Yes, definitely. One way to develop audition that has worked for me is to build a mental list of associations between musical elements (e.g., melodic intervals, harmonic intervals, and chords) and bits of music that you can already audiate.

For example, if you know the Star Wars Main Theme very well, after the three bar introduction, the main theme of The Main Theme begins (someone might use the syllables "bum... bum... ba-da-da BAH bum" for the first notes). The first two notes of that main theme are an ascending melodic perfect 5th. So, if someone says "perfect 5th" or you read an ascending perfect 5th, you can imagine those notes of the Star Wars theme in your head and now you've audiated that without reference to singing.

One more example: The first chord sung in the intro to Queen's song "Bohemian Rhapsody" is a minor seventh chord. If you know how that sounds, when you read a minor seventh chord, you can audiate the first chord of "Bohemian Rhapsody" and just remove the lyrics in your mind and now you've audiated something that you couldn't sing on your own anyway.
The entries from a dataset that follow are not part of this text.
(* Let $T$ be the operator on $H^2$ given by $Tf=\sum_{m=0}^\infty\left(\sum_{n=0}^\infty n!\,\hat f(n+m)\right)z^m$, with domain $D(T)=\{f\in H^2: Tf\in H^2\}$ (i.e. those $f$ for which every inner series converges and the resulting coefficient sequence is square summable). Then every function $f\in D(T)$ is an entire function and can be written as $f(z)=\sum_{n=0}^\infty a_n\frac{z^n}{n!}$ where $\sum_{n=0}^\infty a_n$ converges.
   Context: $H^2$ is the Hardy space of analytic functions $f(z)=\sum_{n\ge0}\hat f(n)z^n$ on the unit disc with $\sum|\hat f(n)|^2<\infty$. *)

theory Defs
  imports "HOL-Complex_Analysis.Complex_Analysis"
begin

definition fhat :: "(complex \<Rightarrow> complex) \<Rightarrow> nat \<Rightarrow> complex" where
  "fhat f n = (deriv ^^ n) f 0 / of_nat (fact n)"

definition H2 :: "(complex \<Rightarrow> complex) set" where
  "H2 = {f. f holomorphic_on ball 0 1 \<and> summable (\<lambda>n. (norm (fhat f n))^2)}"

definition Tcoeff :: "(complex \<Rightarrow> complex) \<Rightarrow> nat \<Rightarrow> complex" where
  "Tcoeff f m = (\<Sum>n. of_nat (fact n) * fhat f (n + m))"

definition domT :: "(complex \<Rightarrow> complex) set" where
  "domT = {f \<in> H2. (\<forall>m. summable (\<lambda>n. of_nat (fact n) * fhat f (n + m)))
                   \<and> summable (\<lambda>m. (norm (Tcoeff f m))^2)}"

end

theory Submission
  imports Defs
begin

text \<open>Only the inner series of \<open>T f\<close> at \<open>m = 0\<close> is needed: its terms \<open>a n = n! * fhat f n\<close>
  are summable, hence bounded, so \<open>\<Sum> fhat f n * z ^ n = \<Sum> a n * z ^ n / n!\<close> is dominated by
  a multiple of the exponential series. This power series is therefore entire, and on the unit disc
  it is the Taylor series of \<open>f\<close>.\<close>

lemma summable_power_series_div_fact:
  fixes a :: "nat \<Rightarrow> 'a::{real_normed_field,banach}"
  assumes "Bseq a"
  shows "summable (\<lambda>n. a n * z ^ n / of_nat (fact n))"
proof -
  obtain M where M: "\<And>n. norm (a n) \<le> M"
    using assms by (auto simp: Bseq_def)
  show ?thesis
  proof (rule summable_comparison_test)
    show "summable (\<lambda>n. M * (norm z ^ n / fact n))"
      using summable_exp_generic[of "norm z"] by (intro summable_mult) (simp add: field_simps)
    have "norm (a n * z ^ n / of_nat (fact n)) \<le> M * (norm z ^ n / fact n)" for n
    proof -
      have "norm (a n * z ^ n / of_nat (fact n)) = norm (a n) * norm z ^ n / fact n"
        by (simp add: norm_mult norm_divide norm_power)
      also have "\<dots> \<le> M * norm z ^ n / fact n"
        by (intro divide_right_mono mult_right_mono M) auto
      finally show ?thesis by simp
    qed
    then show "\<exists>N. \<forall>n\<ge>N. norm (a n * z ^ n / of_nat (fact n)) \<le> M * (norm z ^ n / fact n)"
      by blast
  qed
qed

lemma power_series_holomorphic_UNIV:
  fixes c :: "nat \<Rightarrow> complex"
  assumes "\<And>z. summable (\<lambda>n. c n * z ^ n)"
  shows "(\<lambda>z. \<Sum>n. c n * z ^ n) holomorphic_on UNIV"
  unfolding holomorphic_on_def
proof
  fix z :: complex
  have "(\<lambda>z. \<Sum>n. c n * z ^ n) holomorphic_on ball 0 (norm z + 1)"
    by (rule power_series_holomorphic[where a=c]) (simp add: assms summable_sums)
  then have "(\<lambda>z. \<Sum>n. c n * z ^ n) field_differentiable at z"
    by (rule holomorphic_on_imp_differentiable_at) auto
  then show "(\<lambda>z. \<Sum>n. c n * z ^ n) field_differentiable at z within UNIV"
    by simp
qed

lemma fhat_power_series_sums:
  assumes "f holomorphic_on ball 0 1" and "z \<in> ball 0 1"
  shows "(\<lambda>n. fhat f n * z ^ n) sums f z"
  using holomorphic_power_series[OF assms] by (simp add: fhat_def)

lemma domT_summable_fact_fhat:
  assumes "f \<in> domT"
  shows "summable (\<lambda>n. of_nat (fact n) * fhat f n)"
proof -
  have "summable (\<lambda>n. of_nat (fact n) * fhat f (n + 0))"
    using assms unfolding domT_def by blast
  then show ?thesis by simp
qed

theorem theorem3:
  assumes "f \<in> domT"
  shows "\<exists>g a. g holomorphic_on UNIV \<and> (\<forall>z\<in>ball 0 1. g z = f z)
           \<and> summable (a :: nat \<Rightarrow> complex)
           \<and> (\<forall>z. (\<lambda>n. a n * z ^ n / of_nat (fact n)) sums g z)"
proof -
  define a where "a n = of_nat (fact n) * fhat f n" for n
  define g where "g z = (\<Sum>n. fhat f n * z ^ n)" for z
  have a_div_fact: "a n * z ^ n / of_nat (fact n) = fhat f n * z ^ n" for n z
    by (simp add: a_def)
  have "summable a"
    using domT_summable_fact_fhat[OF assms] by (simp add: a_def[abs_def])
  then have "summable (\<lambda>n. fhat f n * z ^ n)" for z
    using summable_power_series_div_fact[OF summable_imp_Bseq, of a z]
    by (simp only: a_div_fact)
  then have g_sums: "(\<lambda>n. fhat f n * z ^ n) sums g z" for z
    by (simp add: g_def summable_sums)
  have "g holomorphic_on UNIV"
    unfolding g_def by (rule power_series_holomorphic_UNIV) (use g_sums sums_summable in blast)
  moreover have "\<forall>z\<in>ball 0 1. g z = f z"
  proof
    fix z :: complex assume "z \<in> ball 0 1"
    moreover have "f holomorphic_on ball 0 1"
      using assms by (simp add: domT_def H2_def)
    ultimately show "g z = f z"
      using fhat_power_series_sums g_sums sums_unique2 by blast
  qed
  moreover have "(\<lambda>n. a n * z ^ n / of_nat (fact n)) sums g z" for z
    using g_sums by (simp only: a_div_fact)
  ultimately show ?thesis
    using \<open>summable a\<close> by blast
qed

end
If you're thinking that building a complete library in your mind of sounds you can audiate and their corresponding musical notation/theory would/will take a lot of time and effort, then I totally agree. Is it worth the effort? Depending on what you want to do in music, it may very well be. Conductors will be hard pressed to do an acceptable job if they can't read how the music they are conducting is supposed to sound. They have to correct the musicians, not the other way around. Other careers and endeavors are well served by excellent audiation off the page.